[[ EXTRACTED INFORMATION open ]]

theorem theorem1:
  fixes PX :: "(real ^ 'r) measure" and K :: "real ^ 'r \<Rightarrow> indiv pmf"
  assumes PX: "prob_space PX" "sets PX = sets borel"
  assumes pos1: "AE x in PX. pr (K x) (\<lambda>\<omega>. vD \<omega> \<and> vS \<omega>) > 0 \<longrightarrow>
      cpr (K x) (\<lambda>\<omega>. vYrec \<omega> \<and> vD \<omega>) vS > 0 \<and>
      cpr (K x) (\<lambda>\<omega>. \<not> vYrec \<omega> \<and> vD \<omega>) vS > 0"
  assumes pos2: "AE x in PX. pr (K x) (\<lambda>\<omega>. vD \<omega> \<and> vS \<omega>) > 0 \<longrightarrow>
      (\<forall>y. pr (K x) (\<lambda>\<omega>. vD \<omega> \<and> vS \<omega> \<and> vYrec \<omega> = y) > 0 \<longrightarrow>
         cpr (K x) vDelta (\<lambda>\<omega>. vD \<omega> \<and> vS \<omega> \<and> vYrec \<omega> = y) > 0)"
  assumes pos3: "AE x in PX. \<forall>y. pr (K x) (\<lambda>\<omega>. vD \<omega> \<and> vY \<omega> = y) > 0 \<longrightarrow>
         cpr (K x) vS (\<lambda>\<omega>. vD \<omega> \<and> vY \<omega> = y) > 0"
  assumes ciS: "AE x in PX. \<forall>y a s.
      pr (K x) (\<lambda>\<omega>. vS \<omega> = s \<and> vA \<omega> = a \<and> vD \<omega> \<and> vY \<omega> = y) * pr (K x) (\<lambda>\<omega>. vD \<omega> \<and> vY \<omega> = y)
    = pr (K x) (\<lambda>\<omega>. vS \<omega> = s \<and> vD \<omega> \<and> vY \<omega> = y) * pr (K x) (\<lambda>\<omega>. vA \<omega> = a \<and> vD \<omega> \<and> vY \<omega> = y)"
  assumes ciDelta: "AE x in PX. \<forall>y a d.
      pr (K x) (\<lambda>\<omega>. vDelta \<omega> = d \<and> vA \<omega> = a \<and> vD \<omega> \<and> vS \<omega> \<and> vY \<omega> = y)
        * pr (K x) (\<lambda>\<omega>. vD \<omega> \<and> vS \<omega> \<and> vY \<omega> = y)
    = pr (K x) (\<lambda>\<omega>. vDelta \<omega> = d \<and> vD \<omega> \<and> vS \<omega> \<and> vY \<omega> = y)
        * pr (K x) (\<lambda>\<omega>. vA \<omega> = a \<and> vD \<omega> \<and> vS \<omega> \<and> vY \<omega> = y)"
  assumes exch: "AE x in PX. cpr (K x) (\<lambda>\<omega>. \<not> vY \<omega> \<and> vD \<omega>) vA
                          = cpr (K x) (\<lambda>\<omega>. \<not> vY \<omega> \<and> vD \<omega>) (\<lambda>\<omega>. \<not> vA \<omega>)"
  assumes recA: "AE x in PX. \<forall>\<omega>\<in>set_pmf (K x). vD \<omega> \<and> vS \<omega> \<and> vDelta \<omega> \<longrightarrow> vArec \<omega> = vA \<omega>"
  assumes recY: "AE x in PX. \<forall>\<omega>\<in>set_pmf (K x). vD \<omega> \<and> vS \<omega> \<longrightarrow> vYrec \<omega> = vY \<omega>"
  shows "AE x in PX. pr (K x) (\<lambda>\<omega>. vD \<omega> \<and> vS \<omega>) > 0 \<longrightarrow> ORP (K x) = RRF (K x)"
  using pos1 pos2 ciS ciDelta exch recA recY
proof eventually_elim
  case (elim x)
  show ?case
  proof
    assume "pr (K x) (\<lambda>\<omega>. vD \<omega> \<and> vS \<omega>) > 0"
    then have pos: "pr (K x) (\<lambda>\<omega>. vDelta \<omega> \<and> vD \<omega> \<and> vS \<omega> \<and> vY \<omega> = y) > 0" for y
      using elim(1,2,7) by (intro participant_strata_positive) auto
    have "muP (K x) y = cpr (K x) vA (\<lambda>\<omega>. vD \<omega> \<and> vY \<omega> = y)" for y
      using elim(3)[rule_format, where y = y and a = True and s = True]
        elim(4)[rule_format, where y = y and a = True and d = True]
      by (intro muP_eq_cpr_vA elim(6,7) pos) simp_all
    moreover have "pr (K x) (\<lambda>\<omega>. vD \<omega> \<and> \<not> vY \<omega>) > 0"
      using pos[of False] by (rule less_le_trans) (rule pr_mono, simp)
    ultimately show "ORP (K x) = RRF (K x)" using elim(5) by (intro ORP_eq_RRF)
  qed
qed
lemma counting_fps_graded_product:
  assumes "disjoint_family A" "\<And>i. finite (A i)" "\<And>i. finite (B i)"
  shows "counting_fps (graded_product A B) = counting_fps A * counting_fps B"
  by (rule fps_ext)
    (simp add: counting_fps_def fps_mult_nth card_graded_product[OF assms] atLeast0AtMost)

lemma fps_compose_X_power_nth:
  fixes f :: "'a::comm_ring_1 fps"
  assumes "0 < k"
  shows "(f oo fps_X ^ k) $ n = (if k dvd n then f $ (n div k) else 0)"
proof -
  have "(f oo fps_X ^ k) $ n = (\<Sum>i=0..n. if i = n div k \<and> k dvd n then f $ i else 0)"
    unfolding fps_compose_nth power_mult[symmetric] fps_X_power_nth
    by (intro sum.cong refl) (use assms in auto)
  also have "\<dots> = (if k dvd n then f $ (n div k) else 0)"
    by (simp add: sum.delta)
  finally show ?thesis .
qed

lemma fls_subdegree_eq_minus_one_iff:
  fixes u :: "'a::field fls"
  shows "fls_subdegree u = -1 \<and> fls_nth u (-1) = 1 \<longleftrightarrow> (\<exists>a. a $ 0 = 1 \<and> fls_X * u = fps_to_fls a)"
proof
  assume u: "fls_subdegree u = -1 \<and> fls_nth u (-1) = 1"
  then have "u \<noteq> 0" by auto
  with u have "fls_subdegree (fls_X * u) = 0"
    by (simp add: fls_subdegree_mult_fls_X(1))
  then have "fps_to_fls (fls_regpart (fls_X * u)) = fls_X * u"
    by (intro fls_regpart_to_fls_trivial) simp
  moreover have "fls_regpart (fls_X * u) $ 0 = 1" using u by (simp add: fls_X_times_conv_shift(1))
  ultimately show "\<exists>a. a $ 0 = 1 \<and> fls_X * u = fps_to_fls a" by metis
next
  assume "\<exists>a. a $ 0 = 1 \<and> fls_X * u = fps_to_fls a"
  then obtain a where a: "a $ 0 = 1" "fls_shift (-1) u = fps_to_fls a"
    by (auto simp: fls_X_times_conv_shift(1))
  then have "u = fls_shift 1 (fps_to_fls a)" by (metis fls_shift_fls_shift fls_shift_0 add.right_inverse)
  moreover have "fps_to_fls a \<noteq> 0" "fls_subdegree (fps_to_fls a) = 0"
    using a(1) by (auto simp: fls_subdegree_fls_to_fps subdegree_eq_0_iff)
  ultimately show "fls_subdegree u = -1 \<and> fls_nth u (-1) = 1" using a(1) by simp
qed
lemma summable_on_int_pair_powr:
  "(\<lambda>(m, k). ((1 + \<bar>real_of_int m\<bar>) * (1 + \<bar>real_of_int k\<bar>)) powr - (3/2))
     summable_on (UNIV :: (int \<times> int) set)"
proof -
  define a :: "int \<Rightarrow> real" where "a m = (1 + \<bar>of_int m\<bar>) powr - (3/2)" for m
  have a: "a summable_on UNIV"
    unfolding a_def by (rule summable_on_int_powr) simp
  have "(\<lambda>(m, k). a m * a k) summable_on Sigma UNIV (\<lambda>_. UNIV)"
  proof (rule summable_on_SigmaI[where g = "\<lambda>m. a m * infsum a UNIV"])
    show "((\<lambda>k. case (m, k) of (m, k) \<Rightarrow> a m * a k) has_sum a m * infsum a UNIV) UNIV" for m
      using has_sum_cmult_right[OF has_sum_infsum[OF a]] by simp
    show "(\<lambda>m. a m * infsum a UNIV) summable_on UNIV"
      using a by (rule summable_on_cmult_left)
  qed (auto simp: a_def)
  then show ?thesis
    by (simp add: a_def powr_mult case_prod_unfold)
qed

lemma has_sum_diff:
  fixes f g :: "'a \<Rightarrow> 'b :: topological_ab_group_add"
  assumes "(f has_sum a) A" "(g has_sum b) A"
  shows "((\<lambda>x. f x - g x) has_sum a - b) A"
proof -
  have "((\<lambda>x. - g x) has_sum - b) A"
    using assms(2) by (simp add: has_sum_uminus)
  from has_sum_add[OF assms(1) this] show ?thesis
    by simp
qed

[[ EXTRACTED INFORMATION closed ]]

Return a copy of each line in the entries that contains "intro".

      using elim(1,2,7) by (intro participant_strata_positive) auto
      by (intro muP_eq_cpr_vA elim(6,7) pos) simp_all
    ultimately show "ORP (K x) = RRF (K x)" using elim(5) by (intro ORP_eq_RRF)
    by (intro sum.cong refl) (use assms in auto)
    by (intro fls_regpart_to_fls_trivial) simp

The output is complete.